世界の指導者や企業とタックスヘイブン(租税回避地)との関係が記された「パナマ文書」を入手・分析している「国際調査報道ジャーナリスト連合」(ICIJ)が2016年5月10日未明(日本時間)、文書に登場している約21万4000社の企業名や役員の個人名などをウェブサイトに公表した。そのうち日本関連の法人は400社が掲載されている。
タックスヘイブンの利用は必ずしも違法ではないが、大企業や富裕層が合法的に納税を回避することで国家の税収が減少し、「多くの市民や中小企業にしわ寄せがいく」という批判は根強い。一方で「個人として無駄な税金納めないのって普通じゃね?」(堀江貴文氏)などと、合理的で正当だとする見方もある。
南ドイツ新聞が入手し、ICIJメンバーが取材・分析
「パナマ文書」とは、中米パナマの法律事務所「モサック・フォンセカ」(MF社)から流出した内部資料として作成した1150万点の電子ファイルを指し、ファイルのサイズは約2.6テラバイトに及ぶ。
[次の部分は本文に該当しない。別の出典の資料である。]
(* Let $\rho$ be a mixed memory over a set $Y$ of program variables and let $X\subseteq Y$. Let $\mathbf{u}$ be a fresh unentangled ghost of the same type as $X$ and define $\mathrm{class}(X) := (X\equiv_{cl}\mathbf{u})$. Then $\rho\models\mathrm{class}(X)$ iff $\rho$ is classical in $X$, i.e., $\rho=\sum_i |i\rangle\langle i|_X\otimes\rho_i$ for some mixed memories $\rho_i$ over $Y\setminus X$.
   Context: Variables have types and are of three disjoint kinds: program variables, entangled ghosts, unentangled ghosts. $\ell^2[V]$ is the Hilbert space with orthonormal basis indexed by assignments on $V$; $\ell^2[V\cup W]\cong\ell^2[V]\otimes\ell^2[W]$. Mixed memories over $V$ are positive trace-class operators on $\ell^2[V]$; $\mathrm{tr}_W$ is partial trace. A mixed memory over $V\cup W$ is $(V,W)$-separable if it is a convergent sum $\sum_i\rho_i\otimes\rho_i'$ of mixed memories over $V$ and $W$. $\mathrm{supp}\,\rho$ is the closure of the range of $\rho$. A predicate over $V$ is a closed subspace of $\ell^2[V]$; predicates over different variable sets are identified if they agree after tensoring with the full spaces of missing variables. Classical equality: for disjoint lists $W,W'\subseteq V$ of the same type $T$, $W\equiv_{cl}W'$ is the closed span of all $|i\rangle_W\otimes|i\rangle_{W'}\otimes\psi$ with $i\in T$ and $\psi\in\ell^2[V\setminus(W\cup W')]$. For program variables $X$, entangled ghosts $E$, unentangled ghosts $U$ and a predicate $A$ over $X\cup E\cup U$, a mixed memory $\rho$ over $X$ satisfies $A$ ($\rho\models A$) iff there exists an $(X\cup E,U)$-separable mixed memory $\rho^\circ$ over $X\cup E\cup U$ with $\mathrm{supp}\,\rho^\circ\subseteq A$ and $\mathrm{tr}_{E\cup U}\rho^\circ=\rho$. *)

theory Defs
  imports "HOL-Analysis.Analysis"
begin

(* Variables have type 'v, values have type 'val; T x is the type (set of values) of variable x.
   An assignment on V is a function that is typed on V and equals undefined outside V. *)

definition asg :: "('v \<Rightarrow> 'val set) \<Rightarrow> 'v set \<Rightarrow> ('v \<Rightarrow> 'val) set" where
  "asg T V = {m. (\<forall>x\<in>V. m x \<in> T x) \<and> (\<forall>x. x \<notin> V \<longrightarrow> m x = undefined)}"

definition restr :: "'v set \<Rightarrow> ('v \<Rightarrow> 'val) \<Rightarrow> ('v \<Rightarrow> 'val)" where
  "restr V m = (\<lambda>x. if x \<in> V then m x else undefined)"

definition merge :: "'v set \<Rightarrow> ('v \<Rightarrow> 'val) \<Rightarrow> ('v \<Rightarrow> 'val) \<Rightarrow> ('v \<Rightarrow> 'val)" where
  "merge W a c = (\<lambda>x. if x \<in> W then c x else a x)"

definition ell2 :: "('v \<Rightarrow> 'val set) \<Rightarrow> 'v set \<Rightarrow> (('v \<Rightarrow> 'val) \<Rightarrow> complex) set" where
  "ell2 T V = {\<psi>. (\<forall>m. m \<notin> asg T V \<longrightarrow> \<psi> m = 0) \<and> (\<lambda>m. (cmod (\<psi> m))^2) summable_on UNIV}"

definition l2norm :: "(('v \<Rightarrow> 'val) \<Rightarrow> complex) \<Rightarrow> real" where
  "l2norm \<psi> = sqrt (\<Sum>\<^sub>\<infinity>m. (cmod (\<psi> m))^2)"

(* Operators on ell2[V] are represented by their matrix entries K a b = <e_a, K e_b>.
   A mixed memory over V: positive trace-class operator, i.e. a kernel supported on asg V x asg V
   that is positive semidefinite and has summable diagonal (its trace). *)
definition mixed :: "('v \<Rightarrow> 'val set) \<Rightarrow> 'v set \<Rightarrow> (('v \<Rightarrow> 'val) \<Rightarrow> ('v \<Rightarrow> 'val) \<Rightarrow> complex) \<Rightarrow> bool" where
  "mixed T V K \<longleftrightarrow>
     (\<forall>a b. a \<notin> asg T V \<or> b \<notin> asg T V \<longrightarrow> K a b = 0) \<and>
     (\<forall>F c. finite F \<longrightarrow> F \<subseteq> asg T V \<longrightarrow>
        Im (\<Sum>a\<in>F. \<Sum>b\<in>F. cnj (c a) * K a b * c b) = 0 \<and>
        Re (\<Sum>a\<in>F. \<Sum>b\<in>F. cnj (c a) * K a b * c b) \<ge> 0) \<and>
     (\<lambda>a. Re (K a a)) summable_on asg T V"

definition tensor :: "('v \<Rightarrow> 'val set) \<Rightarrow> 'v set \<Rightarrow> 'v set \<Rightarrow>
    (('v \<Rightarrow> 'val) \<Rightarrow> ('v \<Rightarrow> 'val) \<Rightarrow> complex) \<Rightarrow> (('v \<Rightarrow> 'val) \<Rightarrow> ('v \<Rightarrow> 'val) \<Rightarrow> complex) \<Rightarrow>
    (('v \<Rightarrow> 'val) \<Rightarrow> ('v \<Rightarrow> 'val) \<Rightarrow> complex)" where
  "tensor T V W K L = (\<lambda>a b. if a \<in> asg T (V \<union> W) \<and> b \<in> asg T (V \<union> W)
       then K (restr V a) (restr V b) * L (restr W a) (restr W b) else 0)"

definition ptrace :: "('v \<Rightarrow> 'val set) \<Rightarrow> 'v set \<Rightarrow> 'v set \<Rightarrow>
    (('v \<Rightarrow> 'val) \<Rightarrow> ('v \<Rightarrow> 'val) \<Rightarrow> complex) \<Rightarrow> (('v \<Rightarrow> 'val) \<Rightarrow> ('v \<Rightarrow> 'val) \<Rightarrow> complex)" where
  "ptrace T V W K = (\<lambda>a b. if a \<in> asg T V \<and> b \<in> asg T V
       then (\<Sum>\<^sub>\<infinity>c\<in>asg T W. K (merge W a c) (merge W b c)) else 0)"

definition separable :: "('v \<Rightarrow> 'val set) \<Rightarrow> 'v set \<Rightarrow> 'v set \<Rightarrow>
    (('v \<Rightarrow> 'val) \<Rightarrow> ('v \<Rightarrow> 'val) \<Rightarrow> complex) \<Rightarrow> bool" where
  "separable T V W K \<longleftrightarrow> (\<exists>R L. (\<forall>i::nat. mixed T V (R i) \<and> mixed T W (L i)) \<and>
       (\<forall>a b. ((\<lambda>i. tensor T V W (R i) (L i) a b) has_sum K a b) UNIV))"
ICIJには約80か国から約400人の記者が参加。日本からは朝日新聞と共同通信から参加している。パナマ文書は南ドイツ新聞が入手し、ICIJがその内容をデータベース化。そのデータベースを活用してICIJメンバーが取材・分析を進めてきた。それに基づいて4月上旬から報道が始まり、アイスランドのグンロイグソン首相(当時)が辞任に追い込まれたほか、英国のキャメロン首相の亡父の名前も「パナマ文書」に名前があったとして国内世論の批判を浴びた。これに加えて、英国の金融行為監督機構(FCA)は金融機関20社に対して、パナマ文書関連の取引に関与していないか調査を要請している。
今回ウェブサイト上で公開されたのは、法人の名前や住所など。日本関連では伊藤忠商事、丸紅、ソフトバンク、楽天の三木谷浩史社長らの名前が挙がっている。契約書類そのものは公開されていない。